An integrated urban platform is the essential software infrastructure for smart, sustainable and resilient city planning, operation and maintenance. Today such platforms are mostly designed to handle and analyze large and heterogeneous urban data sets from very different domains. Modeling and optimization functionalities are usually not part of the software concepts. However, such functionalities are considered crucial by the authors to develop transformation scenarios and to optimize smart city operation. An urban platform needs to handle multiple scales in the time and spatial domain, ranging from long term population and land use change to hourly or sub-hourly matching of renewable energy supply and urban energy demand.

The paper discusses software architecture concepts for data and modeling urban platforms, which allow to analyze and optimize the urban infrastructure with their energy, water and further resources such as food or goods consumption. Building, commerce and industry as well as the transport sector are in the focus of the efficiency and renewable supply analysis. The main driver is to derive zero carbon strategies for cities while including all major sectors of CO₂ generation.

So far, two software architecture concepts have been implemented and tested, both using a 3D CityGML geometry data model: A workflow management system for city scale building energy modeling using a monthly energy balance calculation method and a micro service orchestration for dynamic building simulation modeling. The GIS based data analysis methodology and building energy workflow modeling method are applied to a case study district in New York City to demonstrate the implementation status and derive CO₂ mitigation strategies. The results showed how data gathered from different sources for the relevant sectors can be translated into CO₂-emissions. For a district in Brooklyn connected to a large electric substation with electricity monitoring data available, every individual building´s heating and cooling demand was simulated and resulted in a total annual heating demand of 1.72 TWh/a and 0.11 TWh/a of cooling. It could be shown that the building sector cooling demand can by reduced by 63 % by a change of set point temperature for cooling and reduced infiltration rate, while reducing the heat demand by 12 %. In addition, carbon accounting of the food and wastewater sector was done using the same GIS based modeling framework. The analysis showed that the food related electricity consumption for refrigeration corresponds to about 5 % of the overall electricity consumption and requires 2.6 GWh/a for transport. Using food waste in co-digestion of wastewater treatment plants could contribute another 7.4 GWh/a of combined heat and power. Such quantification of demand and energy sources could contribute to prioritize actions for CO₂ mitigation strategies in urban areas.

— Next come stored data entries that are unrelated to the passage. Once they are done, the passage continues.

(* Consider the graph on $\mathbb{Z}$ with $u\sim v$ iff $|u-v|=1$ (unit weights). Let $k$ be a positive odd integer, $S=k\mathbb{Z}$, and $0\le\omega\le\pi$. If $\frac{k+1}{2}\sqrt{2-2\cos\omega}<1$, then for all $f\in PW_\omega$, \[ \frac{1-\frac{k+1}{2}\sqrt{2-2\cos\omega}}{\sqrt k}\|f\|_2\le\|f|_S\|_2\le\frac{1+\frac{k+1}{2}\sqrt{2-2\cos\omega}}{\sqrt k}\|f\|_2. \] Moreover, if $(k+1)\sqrt{2-2\cos\omega}<1$, then the quotient of the upper and lower constants in this estimate is at most $1+2(k+1)\sqrt{2-2\cos\omega}$.
   Context: $\ell^2(\mathbb{Z})$ with $\|f\|_2^2=\sum_{j}|f(j)|^2$ and $\|f|_S\|_2^2=\sum_{j\in S}|f(j)|^2$. The Fourier transform is $\widehat f(\xi)=\sum_{j\in\mathbb{Z}}f(j)e^{-ij\xi}$ on $[-\pi,\pi]$ (extended to $\ell^2$ by Plancherel). $PW_\omega=\{f\in\ell^2(\mathbb{Z}):\widehat f(\xi)=0\text{ for a.e. }\xi\in[-\pi,\pi]\setminus[-\omega,\omega]\}$. *)

theory Defs
  imports "HOL-Analysis.Analysis"
begin

definition ell2_int :: "(int \<Rightarrow> complex) \<Rightarrow> bool" where
  "ell2_int f \<longleftrightarrow> (\<lambda>j. (cmod (f j))\<^sup>2) summable_on UNIV"

definition l2norm_on :: "int set \<Rightarrow> (int \<Rightarrow> complex) \<Rightarrow> real" where
  "l2norm_on S f = sqrt (infsum (\<lambda>j. (cmod (f j))\<^sup>2) S)"

text \<open>Paley-Wiener space PW_omega: f in l2(Z) whose Fourier transform
  (in the L2 sense, i.e. the L2 function on [-pi,pi] whose Fourier
  coefficients are f) vanishes a.e. outside [-omega,omega].
  With hat f(xi) = sum_j f(j) e^{-ij xi}, we have f(j) = 1/(2 pi) int hat f(xi) e^{ij xi}.\<close>
definition paley_wiener :: "real \<Rightarrow> (int \<Rightarrow> complex) set" where
  "paley_wiener \<omega> = {f. ell2_int f \<and>
     (\<exists>g :: real \<Rightarrow> complex.
        g \<in> borel_measurable lborel \<and>
        set_integrable lborel {-pi..pi} (\<lambda>\<xi>. (cmod (g \<xi>))\<^sup>2) \<and>
        (AE \<xi> in lborel. \<xi> \<in> {-pi..pi} - {-\<omega>..\<omega>} \<longrightarrow> g \<xi> = 0) \<and>
        (\<forall>j::int. f j = (1 / (2 * complex_of_real pi)) *
            (LINT \<xi>:{-pi..pi}|lborel. g \<xi> * exp (\<i> * of_int j * of_real \<xi>))))}"

end

theory Submission
  imports Defs
begin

集成的城市平台是用于智能，可持续和灵活的城市规划，运营和维护的重要软件基础架构。如今，此类平台主要用于处理和分析来自非常不同领域的大型且异构的城市数据集。建模和优化功能通常不属于软件概念的一部分。但是，作者认为这些功能对于开发转型方案和优化智慧城市运营至关重要。一个城市平台需要在时空范围内处理多种尺度，范围从长期的人口和土地使用变化到可再生能源供应和城市能源需求的每小时或不到一小时的匹配。

本文讨论了用于数据和城市平台建模的软件体系结构概念，这些概念可以分析和优化城市基础设施的能源，水和其他资源，例如食物或商品的消耗。建筑，商业和工业以及运输部门是效率和可再生能源供应分析的重点。主要驱动力是为城市制定零碳战略，同时涵盖所有主要的CO ₂产生领域。

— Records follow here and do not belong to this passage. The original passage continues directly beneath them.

(* The exponential vector space $X:=\mathscr D([0,\infty):\mathbb N)$ has no basis, i.e. $X\smallsetminus X_0$ has no basis.
   Context: An exponential vector space (evs) over a field $K$ is a partially ordered set $(X,\leq)$ with a binary operation $+$ on $X$ and a map $K\times X\to X$, $(\alpha,x)\mapsto \alpha x$, such that: (A1) $(X,+)$ is a commutative semigroup with identity $\theta$; (A2) $x\leq y$ implies $x+z\leq y+z$ and $\alpha x\leq \alpha y$ for all $z\in X$, $\alpha\in K$; (A3) $\alpha(x+y)=\alpha x+\alpha y$, $\alpha(\beta x)=(\alpha\beta)x$, $(\alpha+\beta)x\leq \alpha x+\beta x$, $1x=x$; (A4) $\alpha x=\theta$ iff $\alpha=0$ or $x=\theta$; (A5) $x+(-1)x=\theta$ iff $x\in X_0$, where $X_0:=\{z\in X: y\not\leq z \text{ for all } y\in X\smallsetminus\{z\}\}$ (the set of minimal elements); (A6) for each $x\in X$ there is $p\in X_0$ with $p\leq x$. $\mathscr D([0,\infty):\mathbb N)$ is the set of all sequences $(x_i)_{i\in\mathbb N}$ with $x_i\in[0,\infty)$, over the field $\mathbb C$, with componentwise addition, scalar multiplication $\alpha\cdot(x_i)_i=(|\alpha|x_i)_i$, and the dictionary order: $x\leq y$ iff $x=y$ or $x_i<y_i$ at the least index $i$ with $x_i\neq y_i$; its primitive space is $\{(0,0,\dots)\}$. For $x\in X\smallsetminus X_0$ let $L(x):=\{z\in X: z\geq \alpha x+p \text{ for some } \alpha\in K\smallsetminus\{0\},\ p\in X_0\}$. A subset $B\subseteq X\smallsetminus X_0$ generates $X\smallsetminus X_0$ if $X\smallsetminus X_0=\bigcup_{b\in B}L(b)$. Elements $x,y\in X\smallsetminus X_0$ are orderly dependent if $x\in L(y)$ or $y\in L(x)$, and orderly independent otherwise; $B$ is orderly independent if any two distinct members are orderly independent. A basis of $X\smallsetminus X_0$ is an orderly independent generating subset. *)

theory Defs
  imports Complex_Main
begin

definition prim_space :: "'a set \<Rightarrow> ('a \<Rightarrow> 'a \<Rightarrow> bool) \<Rightarrow> 'a set" where
  "prim_space X le = {z \<in> X. \<forall>y \<in> X - {z}. \<not> le y z}"

definition Lset :: "'a set \<Rightarrow> ('a \<Rightarrow> 'a \<Rightarrow> bool) \<Rightarrow> ('a \<Rightarrow> 'a \<Rightarrow> 'a)
    \<Rightarrow> ('k::field \<Rightarrow> 'a \<Rightarrow> 'a) \<Rightarrow> 'a \<Rightarrow> 'a set" where
  "Lset X le add smult x =
     {z \<in> X. \<exists>\<alpha>. \<alpha> \<noteq> 0 \<and> (\<exists>p \<in> prim_space X le. le (add (smult \<alpha> x) p) z)}"

definition generates :: "'a set \<Rightarrow> ('a \<Rightarrow> 'a \<Rightarrow> bool) \<Rightarrow> ('a \<Rightarrow> 'a \<Rightarrow> 'a)
    \<Rightarrow> ('k::field \<Rightarrow> 'a \<Rightarrow> 'a) \<Rightarrow> 'a set \<Rightarrow> bool" where
  "generates X le add smult B \<longleftrightarrow>
     B \<subseteq> X - prim_space X le \<and>
     X - prim_space X le = (\<Union>b\<in>B. Lset X le add smult b)"

definition orderly_dependent :: "'a set \<Rightarrow> ('a \<Rightarrow> 'a \<Rightarrow> bool) \<Rightarrow> ('a \<Rightarrow> 'a \<Rightarrow> 'a)
    \<Rightarrow> ('k::field \<Rightarrow> 'a \<Rightarrow> 'a) \<Rightarrow> 'a \<Rightarrow> 'a \<Rightarrow> bool" where
  "orderly_dependent X le add smult x y \<longleftrightarrow>
     x \<in> Lset X le add smult y \<or> y \<in> Lset X le add smult x"

definition orderly_independent_set :: "'a set \<Rightarrow> ('a \<Rightarrow> 'a \<Rightarrow> bool) \<Rightarrow> ('a \<Rightarrow> 'a \<Rightarrow> 'a)
    \<Rightarrow> ('k::field \<Rightarrow> 'a \<Rightarrow> 'a) \<Rightarrow> 'a set \<Rightarrow> bool" where
  "orderly_independent_set X le add smult B \<longleftrightarrow>
     B \<subseteq> X - prim_space X le \<and>
     (\<forall>x\<in>B. \<forall>y\<in>B. x \<noteq> y \<longrightarrow> \<not> orderly_dependent X le add smult x y)"

definition is_basis :: "'a set \<Rightarrow> ('a \<Rightarrow> 'a \<Rightarrow> bool) \<Rightarrow> ('a \<Rightarrow> 'a \<Rightarrow> 'a)
    \<Rightarrow> ('k::field \<Rightarrow> 'a \<Rightarrow> 'a) \<Rightarrow> 'a set \<Rightarrow> bool" where
  "is_basis X le add smult B \<longleftrightarrow>
     orderly_independent_set X le add smult B \<and> generates X le add smult B"

definition D_carrier :: "(nat \<Rightarrow> real) set" where
  "D_carrier = {x. \<forall>i. 0 \<le> x i}"

definition D_le :: "(nat \<Rightarrow> real) \<Rightarrow> (nat \<Rightarrow> real) \<Rightarrow> bool" where
  "D_le x y \<longleftrightarrow> x = y \<or> (let i = (LEAST i. x i \<noteq> y i) in x i < y i)"

definition D_add :: "(nat \<Rightarrow> real) \<Rightarrow> (nat \<Rightarrow> real) \<Rightarrow> (nat \<Rightarrow> real)" where
  "D_add x y = (\<lambda>i. x i + y i)"

definition D_smult :: "complex \<Rightarrow> (nat \<Rightarrow> real) \<Rightarrow> (nat \<Rightarrow> real)" where
  "D_smult \<alpha> x = (\<lambda>i. cmod \<alpha> * x i)"

end

theory Submission
  imports Defs
begin

text \<open>For nonzero sequences, x \<in> L(y), i.e. some positive multiple of y lies below x in the
  dictionary order, exactly when the leading nonzero index of x is at most that of y. Hence any
  two nonzero sequences are orderly dependent, a basis would be a single sequence b, and the unit
  sequence supported just after the leading index of b is not in L(b).\<close>

lemma D_le_at_first_difference:
  assumes "\<forall>i<n. u i = v i" and "u n \<noteq> v n"
  shows "D_le u v \<longleftrightarrow> u n < v n"
proof -
  have "(LEAST i. u i \<noteq> v i) = n"
    by (rule Least_equality) (use assms in \<open>auto simp: not_less[symmetric]\<close>)
  moreover have "u \<noteq> v"
    using assms(2) by auto
  ultimately show ?thesis
    unfolding D_le_def Let_def by simp
qed

definition lead_index :: "(nat \<Rightarrow> real) \<Rightarrow> nat" where
  "lead_index x = (LEAST i. x i \<noteq> 0)"

lemma below_lead_index: "i < lead_index x \<Longrightarrow> x i = 0"
  unfolding lead_index_def using not_less_Least by blast

lemma lead_index_eqI:
  assumes "x n \<noteq> 0" and "\<forall>i<n. x i = 0"
  shows "lead_index x = n"
  unfolding lead_index_def
  by (rule Least_equality) (use assms in \<open>auto simp: not_less[symmetric]\<close>)

lemma lead_index_pos:
  assumes "x \<in> D_carrier" and "x \<noteq> (\<lambda>i. 0)"
  shows "x (lead_index x) > 0"
proof -
  obtain j where "x j \<noteq> 0"
    using assms(2) by auto
  then have "x (lead_index x) \<noteq> 0"
    unfolding lead_index_def by (rule LeastI)
  moreover have "x (lead_index x) \<ge> 0"
    using assms(1) unfolding D_carrier_def by blast
  ultimately show ?thesis
    by linarith
qed

lemma D_le_by_lead_index:
  assumes "\<forall>i<lead_index x. u i = 0"
    and "u (lead_index x) < x (lead_index x)"
  shows "D_le u x"
  using assms below_lead_index by (subst D_le_at_first_difference[of "lead_index x"]) auto

lemma prim_space_D: "prim_space D_carrier D_le = {\<lambda>i. 0}"
proof -
  have zero: "(\<lambda>i. 0) \<in> D_carrier"
    unfolding D_carrier_def by simp
  have zero_below: "D_le (\<lambda>i. 0) x" and not_below_zero: "\<not> D_le x (\<lambda>i. 0)"
    if "x \<in> D_carrier" "x \<noteq> (\<lambda>i. 0)" for x
    using that lead_index_pos[OF that] below_lead_index
    by (auto simp: D_le_at_first_difference[of "lead_index x"])
  show ?thesis
    unfolding prim_space_def using zero zero_below not_below_zero by blast
qed

lemma Lset_D_eq:
  "Lset D_carrier D_le D_add D_smult y = {x \<in> D_carrier. \<exists>c>0. D_le (\<lambda>i. c * y i) x}"
proof -
  have "(\<exists>\<alpha>::complex. \<alpha> \<noteq> 0 \<and> D_le (\<lambda>i. cmod \<alpha> * y i) x) \<longleftrightarrow> (\<exists>c>0. D_le (\<lambda>i. c * y i) x)"
    for x
  proof
    assume "\<exists>c>0. D_le (\<lambda>i. c * y i) x"
    then obtain c where "c > 0" "D_le (\<lambda>i. c * y i) x"
      by blast
    then show "\<exists>\<alpha>::complex. \<alpha> \<noteq> 0 \<and> D_le (\<lambda>i. cmod \<alpha> * y i) x"
      by (intro exI[of _ "complex_of_real c"]) auto
  next
    assume "\<exists>\<alpha>::complex. \<alpha> \<noteq> 0 \<and> D_le (\<lambda>i. cmod \<alpha> * y i) x"
    then obtain \<alpha> :: complex where "\<alpha> \<noteq> 0" "D_le (\<lambda>i. cmod \<alpha> * y i) x"
      by blast
    then show "\<exists>c>0. D_le (\<lambda>i. c * y i) x"
      by (intro exI[of _ "cmod \<alpha>"]) auto
  qed
  then show ?thesis
    unfolding Lset_def prim_space_D D_add_def D_smult_def by simp
qed

lemma Lset_D_iff_lead_index_le:
  assumes x: "x \<in> D_carrier" "x \<noteq> (\<lambda>i. 0)" and y: "y \<in> D_carrier" "y \<noteq> (\<lambda>i. 0)"
  shows "x \<in> Lset D_carrier D_le D_add D_smult y \<longleftrightarrow> lead_index x \<le> lead_index y"
proof
  assume "lead_index x \<le> lead_index y"
  then have y_below: "\<forall>i<lead_index x. y i = 0"
    using below_lead_index by auto
  define n where "n = lead_index x"
  have xn: "x n > 0" and yn: "y n \<ge> 0"
    using lead_index_pos[OF x] y(1) unfolding n_def D_carrier_def by auto
  define c where "c = (if y n = 0 then 1 else x n / (2 * y n))"
  have "c > 0" and "c * y n < x n"
    using xn yn unfolding c_def by (auto simp: field_simps)
  moreover have "D_le (\<lambda>i. c * y i) x"
    using \<open>c * y n < x n\<close> y_below by (intro D_le_by_lead_index) (auto simp: n_def)
  ultimately show "x \<in> Lset D_carrier D_le D_add D_smult y"
    unfolding Lset_D_eq using x(1) by blast
next
  assume "x \<in> Lset D_carrier D_le D_add D_smult y"
  then obtain c where c: "c > 0" "D_le (\<lambda>i. c * y i) x"
    unfolding Lset_D_eq by blast
  show "lead_index x \<le> lead_index y"
  proof (rule ccontr)
    assume "\<not> lead_index x \<le> lead_index y"
    then have x_below: "\<forall>i\<le>lead_index y. x i = 0"
      using below_lead_index[of _ x] by simp
    have "c * y (lead_index y) > 0"
      using c(1) lead_index_pos[OF y] by simp
    with x_below have "\<not> D_le (\<lambda>i. c * y i) x"
      using below_lead_index[of _ y]
      by (subst D_le_at_first_difference[of "lead_index y"]) auto
    with c(2) show False
      by contradiction
  qed
qed

lemma D_orderly_dependent:
  assumes "x \<in> D_carrier - prim_space D_carrier D_le" and "y \<in> D_carrier - prim_space D_carrier D_le"
  shows "orderly_dependent D_carrier D_le D_add D_smult x y"
  using assms nat_le_linear[of "lead_index x" "lead_index y"]
  unfolding orderly_dependent_def prim_space_D by (auto simp: Lset_D_iff_lead_index_le)

lemma orderly_independent_set_eq_singleton:
  assumes "orderly_independent_set X le add smult B" and "b \<in> B"
    and "\<And>x y. x \<in> X - prim_space X le \<Longrightarrow> y \<in> X - prim_space X le
      \<Longrightarrow> orderly_dependent X le add smult x y"
  shows "B = {b}"
  using assms unfolding orderly_independent_set_def by blast

definition D_unit :: "nat \<Rightarrow> nat \<Rightarrow> real" where
  "D_unit m = (\<lambda>i. if i = m then 1 else 0)"

lemma D_unit_nonprimitive: "D_unit m \<in> D_carrier - prim_space D_carrier D_le"
  unfolding prim_space_D by (auto simp: D_unit_def D_carrier_def dest: fun_cong[of _ _ m])

lemma lead_index_D_unit: "lead_index (D_unit m) = m"
  by (rule lead_index_eqI) (auto simp: D_unit_def)

theorem mainTheorem14:
  shows "\<not> (\<exists>B. is_basis D_carrier D_le D_add D_smult B)"
proof
  assume "\<exists>B. is_basis D_carrier D_le D_add D_smult B"
  then obtain B where indep: "orderly_independent_set D_carrier D_le D_add D_smult B"
    and gen: "generates D_carrier D_le D_add D_smult B"
    unfolding is_basis_def by blast
  have spans: "D_carrier - prim_space D_carrier D_le = (\<Union>b\<in>B. Lset D_carrier D_le D_add D_smult b)"
    using gen unfolding generates_def by blast
  obtain b where "b \<in> B"
    using D_unit_nonprimitive[of 0] spans by blast
  have "B = {b}"
    using indep \<open>b \<in> B\<close> D_orderly_dependent by (rule orderly_independent_set_eq_singleton)
  moreover have b: "b \<in> D_carrier - prim_space D_carrier D_le"
    using \<open>b \<in> B\<close> indep unfolding orderly_independent_set_def by blast
  ultimately have "D_unit (Suc (lead_index b)) \<in> Lset D_carrier D_le D_add D_smult b"
    using D_unit_nonprimitive spans by blast
  then have "Suc (lead_index b) \<le> lead_index b"
    using b D_unit_nonprimitive
    by (simp add: prim_space_D Lset_D_iff_lead_index_le lead_index_D_unit)
  then show False
    by simp
qed

end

到目前为止，已经使用3D CityGML几何数据模型实施和测试了两个软件体系结构概念：使用月度能源平衡计算方法的城市规模建筑能源建模的工作流管理系统，以及用于动态建筑模拟建模的微服务编排。将基于GIS的数据分析方法和建筑能耗工作流建模方法应用于纽约市的一个案例研究区，以展示其实施状况并得出CO ₂缓解策略。结果表明，如何将从相关部门的不同来源收集的数据转换为CO ₂-排放。对于连接到大型变电站并具有可用电力监控数据的布鲁克林区，每个建筑物的供热和制冷需求都经过模拟，得出的年总供热需求为1.72 TWh / a和0.11 TWh / a。可以看出，通过改变制冷设定点温度和降低渗透率，可以将建筑部门的制冷需求减少63％，同时将热量需求减少12％。此外，使用相同的基于GIS的建模框架对食品和废水部门进行碳核算。分析表明，与食品有关的制冷用电量约占总用电量的5％，运输需要2.6 GWh / a。将食物垃圾用于废水处理厂的共消化，可另外产生7.4 GWh / a的热电联产。需求和能源的这种量化可能有助于确定CO的优先行动₂城市地区的缓解策略。